- [Task statement] Your task is to copy the lines of the data below from the line holding "generating series 1/((1" through the line holding "mod P) (degree", inclusive, exactly and with nothing added.

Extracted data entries
(* equivariant integral (pushforward to a point) of a class f(H) on P(W_n^{(+)m}):
   the coefficient of H^dim in the reduced representative *)
definition eq_integral :: "nat \<Rightarrow> nat \<Rightarrow> real \<Rightarrow> real \<Rightarrow> real poly \<Rightarrow> real" where
  "eq_integral n m l1 l2 f = coeff (f mod rel_poly n m l1 l2) (proj_dim n m)"

(* integral over Z1~ = P(W_1) x P(W_{d-1}^{(+)r+1}) of  h1^k * (pi1^* H)^m,
   where pi1^* H = h1 + h2, expanded binomially; the integral of h1^a h2^b over the
   product is the product of the integrals over the factors *)
definition src_integral :: "nat \<Rightarrow> nat \<Rightarrow> nat \<Rightarrow> nat \<Rightarrow> real \<Rightarrow> real \<Rightarrow> real" where
  "src_integral r d k m l1 l2 =
     (\<Sum>i\<le>m. real (m choose i) * eq_integral 1 1 l1 l2 (monom 1 (k + i))
                 * eq_integral (d - 1) (r + 1) l1 l2 (monom 1 (m - i)))"

(* alpha^{r,d}_{1,k}(H) = pi_{1*}(h1^k): the reduced representative (degree <= dim)
   determined by the projection formula  int (pi_* x) H^m = int x (pi^* H)^m *)
definition alphaH :: "nat \<Rightarrow> nat \<Rightarrow> nat \<Rightarrow> real \<Rightarrow> real \<Rightarrow> real poly" where
  "alphaH r d k l1 l2 =
     (THE a. degree a \<le> proj_dim d (r + 1) \<and>
        (\<forall>m \<le> proj_dim d (r + 1).
            eq_integral d (r + 1) l1 l2 (a * monom 1 m) = src_integral r d k m l1 l2))"

definition alpha :: "nat \<Rightarrow> nat \<Rightarrow> nat \<Rightarrow> real \<Rightarrow> real \<Rightarrow> real" where
  "alpha r d k l1 l2 = poly (alphaH r d k l1 l2) (real (d + 1) / 2 * (- (l1 + l2)))"

end

theory Submission
  imports Defs
begin

(* The equivariant integral of a class f(H) over P(W_n^(m)) is the coefficient of H^dim in
   f mod P, P the relation polynomial, i.e. the sum of the residues of f/P.  This functional is
   invariant under translating H, and multiplying f and P by a common monic factor does not
   change it.  Since

     P_{r,d}(H) = P_{r,d-1}(H + l1) (H + d l2)^(r+1) = P_{r,d-1}(H + l2) (H + d l1)^(r+1),

   localising an integral over Z1~ = P(W_1) x P(W_{d-1}^(r+1)) at the fixed points h1 = -l1, -l2
   of P(W_1) turns it into an integral over P(W_d^(r+1)) against (H + d l2)^(r+1), resp.
   (H + d l1)^(r+1).  As the integration pairing is non-degenerate, pi_1*(h1^k) is the divided
   difference ((-l1)^k (H + d l2)^(r+1) - (-l2)^k (H + d l1)^(r+1)) / (l2 - l1), which for
   k = 0, 1 is expressed through the complete homogeneous polynomial h_r(U, V) in U = H + d l2,
   V = H + d l1; for l1 = l2 the fixed point is double and an integration by parts replaces the
   division.  At H = (d+1)/2 c1 one has U + V = c1 and U V = d^2 c2 - (d^2 - 1)/4 c1^2, so the
   generating series 1/((1 - U t)(1 - V t)) of the h_r(U, V) has exactly the denominator of the
   theorem.  Oddness of d is used only through d >= 1. *)

section \<open>Sums of residues\<close>

definition rem_top_coeff :: "'a::field poly \<Rightarrow> 'a poly \<Rightarrow> 'a" where
  "rem_top_coeff P f = coeff (f mod P) (degree P - 1)"

lemma rem_top_coeff_add: "rem_top_coeff P (f + g) = rem_top_coeff P f + rem_top_coeff P g"
  by (simp add: rem_top_coeff_def poly_mod_add_left)

lemma rem_top_coeff_diff: "rem_top_coeff P (f - g) = rem_top_coeff P f - rem_top_coeff P g"
  by (simp add: rem_top_coeff_def poly_mod_diff_left)

lemma rem_top_coeff_smult: "rem_top_coeff P (smult a f) = a * rem_top_coeff P f"
  by (simp add: rem_top_coeff_def mod_smult_left)

lemma rem_top_coeff_0 [simp]: "rem_top_coeff P 0 = 0"
  by (simp add: rem_top_coeff_def)

lemma rem_top_coeff_sum: "rem_top_coeff P (\<Sum>i\<in>A. f i) = (\<Sum>i\<in>A. rem_top_coeff P (f i))"
  by (induction A rule: infinite_finite_induct) (simp_all add: rem_top_coeff_add)

lemma coeff_mult_at_degree_shift:
  fixes g R :: "'a::comm_semiring_1 poly"
  assumes "degree g \<le> n"
  shows "coeff (g * R) (n + degree R) = coeff g n * lead_coeff R"
proof (cases "degree g = n")
  case True
  then show ?thesis using coeff_mult_degree_sum[of g R] by simp
next
  case False
  then have "degree (g * R) < n + degree R" "degree g < n"
    using assms degree_mult_le[of g R] by linarith+
  then show ?thesis by (simp add: coeff_eq_0)
qed

lemma rem_top_coeff_mult_monic:
  fixes Q R f :: "'a::field poly"
  assumes "Q \<noteq> 0" and "lead_coeff R = 1"
  shows "rem_top_coeff (Q * R) (f * R) = rem_top_coeff Q f"
proof (cases "degree Q = 0")
  case True
  then have "f mod Q = 0" using degree_mod_less[OF assms(1), of f] by simp
  then show ?thesis by (simp add: rem_top_coeff_def mod_mult_mult2)
next
  case False
  have R: "R \<noteq> 0" using assms(2) by auto
  have "degree (f mod Q) \<le> degree Q - 1"
    using False degree_mod_less[OF assms(1), of f] by auto
  then have "coeff (f mod Q * R) (degree Q - 1 + degree R) = coeff (f mod Q) (degree Q - 1)"
    using assms(2) by (simp add: coeff_mult_at_degree_shift)
  moreover have "degree (Q * R) - 1 = degree Q - 1 + degree R"
    using False assms(1) R by (simp add: degree_mult_eq)
  ultimately show ?thesis by (simp add: rem_top_coeff_def mod_mult_mult2)
qed

lemma pcompose_linear_mod:
  fixes f P :: "'a::field poly"
  assumes "P \<noteq> 0"
  shows "pcompose f [:c, 1:] mod pcompose P [:c, 1:] = pcompose (f mod P) [:c, 1:]"
proof -
  have "pcompose f [:c, 1:] = pcompose (f mod P) [:c, 1:] + pcompose (f div P) [:c, 1:] * pcompose P [:c, 1:]"
    by (metis div_mult_mod_eq add.commute pcompose_add pcompose_mult)
  moreover have "pcompose (f mod P) [:c, 1:] = 0 \<or>
      degree (pcompose (f mod P) [:c, 1:]) < degree (pcompose P [:c, 1:])"
    using degree_mod_less[OF assms, of f] by (auto simp: degree_pcompose)
  ultimately show ?thesis by (auto simp: mod_poly_less)
qed

lemma coeff_pcompose_linear_top:
  fixes g :: "'a::idom poly"
  assumes "degree g \<le> n"
  shows "coeff (pcompose g [:c, 1:]) n = coeff g n"
proof (cases "degree g = n")
  case True
  then show ?thesis using lead_coeff_comp[of "[:c, 1:]" g] by (simp add: degree_pcompose)
next
  case False
  then show ?thesis using assms by (simp add: degree_pcompose coeff_eq_0)
qed

lemma rem_top_coeff_pcompose_linear:
  fixes P f :: "'a::field poly"
  assumes "P \<noteq> 0"
  shows "rem_top_coeff (pcompose P [:c, 1:]) (pcompose f [:c, 1:]) = rem_top_coeff P f"
proof (cases "degree P = 0")
  case True
  then have "f mod P = 0" using degree_mod_less[OF assms, of f] by simp
  then show ?thesis using assms by (simp add: rem_top_coeff_def pcompose_linear_mod)
next
  case False
  then have "degree (f mod P) \<le> degree P - 1"
    using degree_mod_less[OF assms, of f] by auto
  then show ?thesis
    using assms by (simp add: rem_top_coeff_def pcompose_linear_mod degree_pcompose coeff_pcompose_linear_top)
qed

lemma rem_top_coeff_monom:
  assumes "N > 0"
  shows "rem_top_coeff (monom 1 N) f = coeff f (N - 1)"
proof -
  have "coeff (monom 1 N * (f div monom 1 N)) (N - 1) = 0"
    using assms by (simp add: coeff_monom_mult)
  then have "coeff f (N - 1) = coeff (f mod monom 1 N) (N - 1)"
    by (metis add_0 coeff_add div_mult_mod_eq mult.commute)
  then show ?thesis by (simp add: rem_top_coeff_def degree_monom_eq)
qed

lemma pcompose_linear_linear: "pcompose [:a, 1:] [:c, 1:] = [:a + c, 1::'a::comm_ring_1:]"
  by (simp add: pcompose_pCons)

- [Answer below]
   generating series 1/((1 - U t)(1 - V t)) of the h_r(U, V) has exactly the denominator of the
   theorem.  Oddness of d is used only through d >= 1. *)

section \<open>Sums of residues\<close>

definition rem_top_coeff :: "'a::field poly \<Rightarrow> 'a poly \<Rightarrow> 'a" where
  "rem_top_coeff P f = coeff (f mod P) (degree P - 1)"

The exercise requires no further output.